(* Let $\Lambda$ be a set of positive integers such that for all positive integers $a,b$: $a,b\in\Lambda$ if and only if $\operatorname{lcm}(a,b)\in\Lambda$. Put $\Lambda'=\Lambda\cup\{2x:x\in\Lambda\}$. Suppose $\sigma=(\varepsilon,\beta,\gamma;(12))$ is an autoparatopism of a Latin square $L$ of order $n$. Let $R_\Lambda=\{i\in[n]:o_\beta(i)\in\Lambda\}$ and $S_{\Lambda'}=\{i\in[n]:o_\gamma(i)\in\Lambda'\}$. If $R_\Lambda\neq\emptyset$, then $|R_\Lambda|=|S_{\Lambda'}|$, and the submatrix of $L$ with rows $R_\Lambda$ and columns $R_\Lambda$ is a subsquare of $L$ whose symbol set is $S_{\Lambda'}$.
   Context: A Latin square $L$ of order $n$ is an $n\times n$ array with rows, columns and symbols indexed by $[n]$, in which each symbol occurs exactly once in each row and each column. Its set of triples is $O(L)$. A subsquare is a submatrix (a set of rows $R$ and columns $C$) that is itself a Latin square, i.e. whose cells contain exactly $|R|=|C|$ distinct symbols. Permutations act on the right; $\varepsilon$ is the identity. A paratopism $(\alpha,\beta,\gamma;(12))$ maps $L$ to $L^\sigma$ with triple set $\{(y\beta,x\alpha,z\gamma):(x,y,z)\in O(L)\}$. It is an autoparatopism of $L$ if $L^\sigma=L$. $o_\pi(i)$ is the length of the cycle of $\pi$ containing $i$ (fixed points are cycles of length $1$). *)

theory Defs
  imports "HOL-Combinatorics.Permutations"
begin

text \<open>Rows, columns and symbols are indexed by [n] = {0..<n}.
A Latin square of order n is a function L giving the symbol in cell (x,y).\<close>

definition latin_square :: "nat \<Rightarrow> (nat \<Rightarrow> nat \<Rightarrow> nat) \<Rightarrow> bool" where
  "latin_square n L \<longleftrightarrow>
     (\<forall>x<n. \<forall>y<n. L x y < n) \<and>
     (\<forall>x<n. inj_on (L x) {0..<n}) \<and>
     (\<forall>y<n. inj_on (\<lambda>x. L x y) {0..<n})"

definition triples :: "nat \<Rightarrow> (nat \<Rightarrow> nat \<Rightarrow> nat) \<Rightarrow> (nat \<times> nat \<times> nat) set" where
  "triples n L = {(x, y, L x y) | x y. x < n \<and> y < n}"

text \<open>Paratopism (alpha, beta, gamma; (12)) applied to L, permutations acting on the right.\<close>
definition paratope12 ::
  "(nat \<Rightarrow> nat) \<Rightarrow> (nat \<Rightarrow> nat) \<Rightarrow> (nat \<Rightarrow> nat) \<Rightarrow> (nat \<times> nat \<times> nat) set \<Rightarrow> (nat \<times> nat \<times> nat) set" where
  "paratope12 \<alpha> \<beta> \<gamma> T = {(\<beta> y, \<alpha> x, \<gamma> z) | x y z. (x, y, z) \<in> T}"

definition autoparatopism12 ::
  "nat \<Rightarrow> (nat \<Rightarrow> nat \<Rightarrow> nat) \<Rightarrow> (nat \<Rightarrow> nat) \<Rightarrow> (nat \<Rightarrow> nat) \<Rightarrow> (nat \<Rightarrow> nat) \<Rightarrow> bool" where
  "autoparatopism12 n L \<alpha> \<beta> \<gamma> \<longleftrightarrow>
     \<alpha> permutes {0..<n} \<and> \<beta> permutes {0..<n} \<and> \<gamma> permutes {0..<n} \<and>
     paratope12 \<alpha> \<beta> \<gamma> (triples n L) = triples n L"

definition cycle_len :: "(nat \<Rightarrow> nat) \<Rightarrow> nat \<Rightarrow> nat" where
  "cycle_len \<pi> i = (LEAST k. 0 < k \<and> (\<pi> ^^ k) i = i)"

definition symbols_of :: "(nat \<Rightarrow> nat \<Rightarrow> nat) \<Rightarrow> nat set \<Rightarrow> nat set \<Rightarrow> nat set" where
  "symbols_of L R C = {L x y | x y. x \<in> R \<and> y \<in> C}"

definition subsquare :: "nat \<Rightarrow> (nat \<Rightarrow> nat \<Rightarrow> nat) \<Rightarrow> nat set \<Rightarrow> nat set \<Rightarrow> bool" where
  "subsquare n L R C \<longleftrightarrow> R \<subseteq> {0..<n} \<and> C \<subseteq> {0..<n} \<and>
     card R = card C \<and> card (symbols_of L R C) = card R"

end

theory Submission
  imports Defs
begin

text \<open>Applying the autoparatopism twice gives \<open>L (x\<beta>\<^sup>k) (y\<beta>\<^sup>k) = (L x y)\<gamma>\<^sup>2\<^sup>k\<close>.
  Hence for \<open>x, y \<in> R\<^sub>\<Lambda>\<close> the \<open>\<gamma>\<close>-cycle length of \<open>L x y\<close> divides \<open>2 lcm(o\<^sub>\<beta>(x), o\<^sub>\<beta>(y))\<close>,
  and \<open>\<Lambda>\<close> is closed under divisors, so it lies in \<open>\<Lambda>'\<close>. Conversely, if row \<open>x \<in> R\<^sub>\<Lambda>\<close>
  has a symbol \<open>z \<in> S\<^sub>\<Lambda>\<^sub>'\<close> in column \<open>y\<close>, then \<open>\<beta>\<^sup>k\<close> with \<open>k \<in> \<Lambda>\<close> fixes \<open>x\<close> and \<open>\<gamma>\<^sup>2\<^sup>k\<close>
  fixes \<open>z\<close>, so by the Latin property \<open>\<beta>\<^sup>k\<close> fixes \<open>y\<close>, i.e. \<open>y \<in> R\<^sub>\<Lambda>\<close>. Thus every row
  indexed by \<open>R\<^sub>\<Lambda>\<close> maps the columns \<open>R\<^sub>\<Lambda>\<close> bijectively onto \<open>S\<^sub>\<Lambda>\<^sub>'\<close>.\<close>

lemma cycle_len_pos_funpow:
  assumes "permutation p"
  shows "0 < cycle_len p i \<and> (p ^^ cycle_len p i) i = i"
proof -
  obtain m where m: "m > 0" "(p ^^ m) i = i"
    using permutation_self[OF assms] by blast
  show ?thesis
    unfolding cycle_len_def by (rule LeastI[of _ m]) (use m in auto)
qed

lemma cycle_len_pos: "permutation p \<Longrightarrow> 0 < cycle_len p i"
  using cycle_len_pos_funpow by blast

lemma funpow_fixed_iff_cycle_len_dvd:
  assumes "permutation p"
  shows "(p ^^ k) i = i \<longleftrightarrow> cycle_len p i dvd k"
proof -
  let ?c = "cycle_len p i"
  have c: "0 < ?c" "(p ^^ ?c) i = i"
    using cycle_len_pos_funpow[OF assms] by auto
  have "(p ^^ k) i = (p ^^ (k mod ?c)) i"
    by (rule funpow_mod_eq[OF c(2), symmetric])
  moreover have "(p ^^ (k mod ?c)) i = i \<longleftrightarrow> k mod ?c = 0"
  proof
    assume "(p ^^ (k mod ?c)) i = i"
    moreover have "k mod ?c < ?c"
      using c(1) by simp
    ultimately show "k mod ?c = 0"
      using not_less_Least[of "k mod ?c" "\<lambda>k. 0 < k \<and> (p ^^ k) i = i"]
      unfolding cycle_len_def by auto
  qed simp
  ultimately show ?thesis
    by (simp add: dvd_eq_mod_eq_0)
qed

locale lcm_closed_set =
  fixes \<Lambda> :: "nat set"
  assumes pos: "\<Lambda> \<subseteq> {k. 0 < k}"
    and both_mem_iff_lcm_mem: "\<And>a b. 0 < a \<Longrightarrow> 0 < b \<Longrightarrow> (a \<in> \<Lambda> \<and> b \<in> \<Lambda> \<longleftrightarrow> lcm a b \<in> \<Lambda>)"
begin

lemma mem_pos: "k \<in> \<Lambda> \<Longrightarrow> 0 < k"
  using pos by blast

lemma lcm_mem: "a \<in> \<Lambda> \<Longrightarrow> b \<in> \<Lambda> \<Longrightarrow> lcm a b \<in> \<Lambda>"
  using both_mem_iff_lcm_mem mem_pos by blast

lemma dvd_mem:
  assumes "k \<in> \<Lambda>" "d dvd k" "0 < d"
  shows "d \<in> \<Lambda>"
  using both_mem_iff_lcm_mem[of d k] assms mem_pos by (simp add: lcm_proj2_if_dvd)

lemma dvd_double_mem:
  assumes "k \<in> \<Lambda>" "d dvd 2 * k" "0 < d"
  shows "d \<in> \<Lambda> \<union> {2 * x | x. x \<in> \<Lambda>}"
proof (cases "even d")
  case True
  then obtain e where e: "d = 2 * e" by blast
  then have "e \<in> \<Lambda>"
    using dvd_mem[OF assms(1)] assms(2,3) by simp
  then show ?thesis using e by blast
next
  case False
  then have "coprime d 2" by simp
  then have "d dvd k"
    using assms(2) coprime_dvd_mult_right_iff by blast
  then show ?thesis using dvd_mem assms by blast
qed

lemma double_mem_cases:
  assumes "d \<in> \<Lambda> \<union> {2 * x | x. x \<in> \<Lambda>}"
  obtains c where "c \<in> \<Lambda>" "d dvd 2 * c"
  using assms by fastforce

end

lemma subsquare_if_rows_bij:
  assumes "R \<subseteq> {0..<n}" "R \<noteq> {}" "\<And>x. x \<in> R \<Longrightarrow> bij_betw (L x) R S"
  shows "card R = card S \<and> subsquare n L R R \<and> symbols_of L R R = S"
proof -
  obtain x where "x \<in> R" using assms(2) by blast
  have "symbols_of L R R = (\<Union>x\<in>R. L x ` R)"
    unfolding symbols_of_def by blast
  also have "\<dots> = S"
    using assms(3) \<open>x \<in> R\<close> by (auto simp: bij_betw_def)
  finally have "symbols_of L R R = S" .
  moreover have "card R = card S"
    using assms(3) \<open>x \<in> R\<close> bij_betw_same_card by blast
  ultimately show ?thesis
    unfolding subsquare_def using assms(1) by simp
qed

locale latin_autoparatopism12 =
  fixes n :: nat and L :: "nat \<Rightarrow> nat \<Rightarrow> nat" and \<beta> \<gamma> :: "nat \<Rightarrow> nat"
  assumes latin: "latin_square n L"
    and auto: "autoparatopism12 n L id \<beta> \<gamma>"
begin

lemma permutes_\<beta>\<gamma>: "\<beta> permutes {0..<n}" "\<gamma> permutes {0..<n}"
  using auto unfolding autoparatopism12_def by auto

lemma permutation_\<beta>\<gamma>: "permutation \<beta>" "permutation \<gamma>"
  using permutes_\<beta>\<gamma> permutes_imp_permutation by blast+

lemma funpow_\<beta>_less: "x < n \<Longrightarrow> (\<beta> ^^ k) x < n"
  using permutes_in_funpow_image[OF permutes_\<beta>\<gamma>(1)] by simp

lemma row_bij: "x < n \<Longrightarrow> bij_betw (L x) {0..<n} {0..<n}"
  using latin unfolding latin_square_def by (intro endo_inj_surj bij_betw_imageI) auto

lemma entry_swap: "x < n \<Longrightarrow> y < n \<Longrightarrow> L (\<beta> y) x = \<gamma> (L x y)"
proof -
  assume "x < n" "y < n"
  then have "(\<beta> y, x, \<gamma> (L x y)) \<in> paratope12 id \<beta> \<gamma> (triples n L)"
    unfolding paratope12_def triples_def by force
  then have "(\<beta> y, x, \<gamma> (L x y)) \<in> triples n L"
    using auto unfolding autoparatopism12_def by simp
  then show ?thesis unfolding triples_def by auto
qed

lemma entry_funpow:
  "x < n \<Longrightarrow> y < n \<Longrightarrow> L ((\<beta> ^^ k) x) ((\<beta> ^^ k) y) = (\<gamma> ^^ (2 * k)) (L x y)"
proof (induction k)
  case (Suc k)
  let ?a = "(\<beta> ^^ k) x" and ?b = "(\<beta> ^^ k) y"
  have "?a < n" "?b < n" "\<beta> ?b < n"
    using funpow_\<beta>_less[of _ k] funpow_\<beta>_less[of _ "Suc k"] Suc.prems by auto
  then have "L (\<beta> ?a) (\<beta> ?b) = \<gamma> (\<gamma> (L ?a ?b))"
    using entry_swap[of "\<beta> ?b" ?a] entry_swap[of ?a ?b] by simp
  then show ?case using Suc by simp
qed simp

lemma symbol_cycle_len_dvd:
  assumes "x < n" "y < n"
  shows "cycle_len \<gamma> (L x y) dvd 2 * lcm (cycle_len \<beta> x) (cycle_len \<beta> y)"
proof -
  let ?m = "lcm (cycle_len \<beta> x) (cycle_len \<beta> y)"
  have "(\<beta> ^^ ?m) x = x" "(\<beta> ^^ ?m) y = y"
    using funpow_fixed_iff_cycle_len_dvd[OF permutation_\<beta>\<gamma>(1)] by auto
  then have "(\<gamma> ^^ (2 * ?m)) (L x y) = L x y"
    using entry_funpow[OF assms, of ?m] by simp
  then show ?thesis
    using funpow_fixed_iff_cycle_len_dvd[OF permutation_\<beta>\<gamma>(2)] by blast
qed

lemma column_cycle_len_dvd:
  assumes "x < n" "y < n" "cycle_len \<gamma> (L x y) dvd 2 * c"
  shows "cycle_len \<beta> y dvd lcm (cycle_len \<beta> x) c"
proof -
  let ?k = "lcm (cycle_len \<beta> x) c"
  have "(\<beta> ^^ ?k) x = x"
    using funpow_fixed_iff_cycle_len_dvd[OF permutation_\<beta>\<gamma>(1)] by auto
  moreover have "(\<gamma> ^^ (2 * ?k)) (L x y) = L x y"
    using funpow_fixed_iff_cycle_len_dvd[OF permutation_\<beta>\<gamma>(2)] assms(3)
    by (meson dvd_lcm2 dvd_trans mult_dvd_mono dvd_refl)
  ultimately have "L x ((\<beta> ^^ ?k) y) = L x y"
    using entry_funpow[OF assms(1,2), of ?k] by simp
  then have "(\<beta> ^^ ?k) y = y"
    using row_bij[OF assms(1)] funpow_\<beta>_less[OF assms(2)] assms(2)
    by (auto simp: bij_betw_def inj_on_def)
  then show ?thesis
    using funpow_fixed_iff_cycle_len_dvd[OF permutation_\<beta>\<gamma>(1)] by blast
qed

lemma symbol_cycle_len_mem:
  assumes "lcm_closed_set \<Lambda>" and "x < n" "y < n" "cycle_len \<beta> x \<in> \<Lambda>" "cycle_len \<beta> y \<in> \<Lambda>"
  shows "cycle_len \<gamma> (L x y) \<in> \<Lambda> \<union> {2 * x | x. x \<in> \<Lambda>}"
proof -
  interpret lcm_closed_set \<Lambda> by (fact assms(1))
  show ?thesis
    by (rule dvd_double_mem[OF lcm_mem[OF assms(4,5)] symbol_cycle_len_dvd[OF assms(2,3)]
          cycle_len_pos[OF permutation_\<beta>\<gamma>(2)]])
qed

lemma column_cycle_len_mem:
  assumes "lcm_closed_set \<Lambda>" and "x < n" "y < n" "cycle_len \<beta> x \<in> \<Lambda>"
    and "cycle_len \<gamma> (L x y) \<in> \<Lambda> \<union> {2 * x | x. x \<in> \<Lambda>}"
  shows "cycle_len \<beta> y \<in> \<Lambda>"
proof -
  interpret lcm_closed_set \<Lambda> by (fact assms(1))
  obtain c where c: "c \<in> \<Lambda>" "cycle_len \<gamma> (L x y) dvd 2 * c"
    using double_mem_cases[OF assms(5)] by blast
  show ?thesis
    by (rule dvd_mem[OF lcm_mem[OF assms(4) c(1)] column_cycle_len_dvd[OF assms(2,3) c(2)]
          cycle_len_pos[OF permutation_\<beta>\<gamma>(1)]])
qed

lemma row_bij_cycle_len_classes:
  assumes "lcm_closed_set \<Lambda>" and "x < n" "cycle_len \<beta> x \<in> \<Lambda>"
  shows "bij_betw (L x) {i \<in> {0..<n}. cycle_len \<beta> i \<in> \<Lambda>}
           {i \<in> {0..<n}. cycle_len \<gamma> i \<in> \<Lambda> \<union> {2 * x | x. x \<in> \<Lambda>}}"
    (is "bij_betw (L x) ?R ?S")
proof (rule bij_betw_imageI)
  have row: "inj_on (L x) {0..<n}" "L x ` {0..<n} = {0..<n}"
    using row_bij[OF assms(2)] by (simp_all add: bij_betw_def)
  show "inj_on (L x) ?R"
    using row(1) by (rule inj_on_subset) auto
  show "L x ` ?R = ?S"
  proof
    show "L x ` ?R \<subseteq> ?S"
      using symbol_cycle_len_mem[OF assms(1,2) _ assms(3)] row(2) by fastforce
    show "?S \<subseteq> L x ` ?R"
    proof
      fix z assume z: "z \<in> ?S"
      then obtain y where y: "y < n" "z = L x y"
        using row(2) by (metis (no_types, lifting) atLeastLessThan_iff imageE mem_Collect_eq)
      then have "y \<in> ?R"
        using column_cycle_len_mem[OF assms(1,2) _ assms(3)] z by auto
      then show "z \<in> L x ` ?R" using y by blast
    qed
  qed
qed

end

theorem theorem3p4:
  fixes \<Lambda> :: "nat set" and n :: nat and L :: "nat \<Rightarrow> nat \<Rightarrow> nat"
    and \<beta> \<gamma> :: "nat \<Rightarrow> nat"
  assumes pos: "\<Lambda> \<subseteq> {k. 0 < k}"
    and lcm_closed: "\<And>a b. 0 < a \<Longrightarrow> 0 < b \<Longrightarrow> (a \<in> \<Lambda> \<and> b \<in> \<Lambda> \<longleftrightarrow> lcm a b \<in> \<Lambda>)"
    and latin: "latin_square n L"
    and auto: "autoparatopism12 n L id \<beta> \<gamma>"
    and nonempty: "{i \<in> {0..<n}. cycle_len \<beta> i \<in> \<Lambda>} \<noteq> {}"
  shows "card {i \<in> {0..<n}. cycle_len \<beta> i \<in> \<Lambda>}
           = card {i \<in> {0..<n}. cycle_len \<gamma> i \<in> \<Lambda> \<union> {2 * x | x. x \<in> \<Lambda>}}
       \<and> subsquare n L {i \<in> {0..<n}. cycle_len \<beta> i \<in> \<Lambda>} {i \<in> {0..<n}. cycle_len \<beta> i \<in> \<Lambda>}
       \<and> symbols_of L {i \<in> {0..<n}. cycle_len \<beta> i \<in> \<Lambda>} {i \<in> {0..<n}. cycle_len \<beta> i \<in> \<Lambda>}
           = {i \<in> {0..<n}. cycle_len \<gamma> i \<in> \<Lambda> \<union> {2 * x | x. x \<in> \<Lambda>}}"
proof -
  interpret latin_autoparatopism12 n L \<beta> \<gamma>
    using latin auto by unfold_locales
  have "lcm_closed_set \<Lambda>"
    using pos lcm_closed by unfold_locales
  show ?thesis
  proof (rule subsquare_if_rows_bij[OF _ nonempty])
    fix x assume "x \<in> {i \<in> {0..<n}. cycle_len \<beta> i \<in> \<Lambda>}"
    then show "bij_betw (L x) {i \<in> {0..<n}. cycle_len \<beta> i \<in> \<Lambda>}
        {i \<in> {0..<n}. cycle_len \<gamma> i \<in> \<Lambda> \<union> {2 * x | x. x \<in> \<Lambda>}}"
      using row_bij_cycle_len_classes[OF \<open>lcm_closed_set \<Lambda>\<close>] by simp
  qed auto
qed

end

##########

Your answer should be one number, the count of lines in the entries holding the string "ultimately".

* SOLUTION TO THE PROBLEM
4